» **YOUR OBJECTIVE**:
Look through the records and copy every line in which "Longrightarrow" appears.

» **DATA EXCERPTS**:
(* Let $\varphi(x)$, $x\in\mathbb{R}^n$, be given in conjunctive normal form $$\varphi(x)=\bigwedge_{i=1}^{d}\Big(\bigvee_{j=1}^{e_i} t_{ij}(x)=0\;\vee\;\bigvee_{k=1}^{f_i} u_{ik}(x)>0\Big),$$ with $t_{ij},u_{ik}\in\mathbb{R}[x_1,\dots,x_n]$, $d\ge1$ conjuncts, and at most $f$ strict order inequalities per conjunct. Then there is a polynomial $q(r,s,x)\in\mathbb{R}[r,s,x]$ of degree at most $2d-1$ in $r$ and at most $2f+1$ in $s$ such that for all $x\in\mathbb{R}^n$, $$\varphi(x)\iff(\forall r\in\mathbb{R})(\exists s\in\mathbb{R})\;q(r,s,x)=0.$$ Explicitly, one may take $$q=\Big[1-s\prod_{i=1}^d(r-i)\Big]\Big[\sum_{i=1}^d\prod_{h\neq i}(r-h)\prod_{j=1}^{e_i}t_{ij}(x)\prod_{k=1}^{f_i}\big(1-s^2u_{ik}(x)\big)\Big],$$ with $h$ ranging over $\{1,\dots,d\}\setminus\{i\}$.
   Context: Empty products are $1$. *)

theory Defs
  imports "HOL-Analysis.Analysis"
begin

text \<open>Polynomial functions on R^n (real polynomials in the coordinates x$i).
Over the infinite field R, polynomials and polynomial functions correspond bijectively.\<close>
inductive polyfun :: "(real^'n \<Rightarrow> real) \<Rightarrow> bool" where
  const: "polyfun (\<lambda>x. c)"
| var: "polyfun (\<lambda>x. x $ i)"
| add: "polyfun p \<Longrightarrow> polyfun q \<Longrightarrow> polyfun (\<lambda>x. p x + q x)"
| mult: "polyfun p \<Longrightarrow> polyfun q \<Longrightarrow> polyfun (\<lambda>x. p x * q x)"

» **YOUR SOLUTION**:
| add: "polyfun p \<Longrightarrow> polyfun q \<Longrightarrow> polyfun (\<lambda>x. p x + q x)"
| mult: "polyfun p \<Longrightarrow> polyfun q \<Longrightarrow> polyfun (\<lambda>x. p x * q x)"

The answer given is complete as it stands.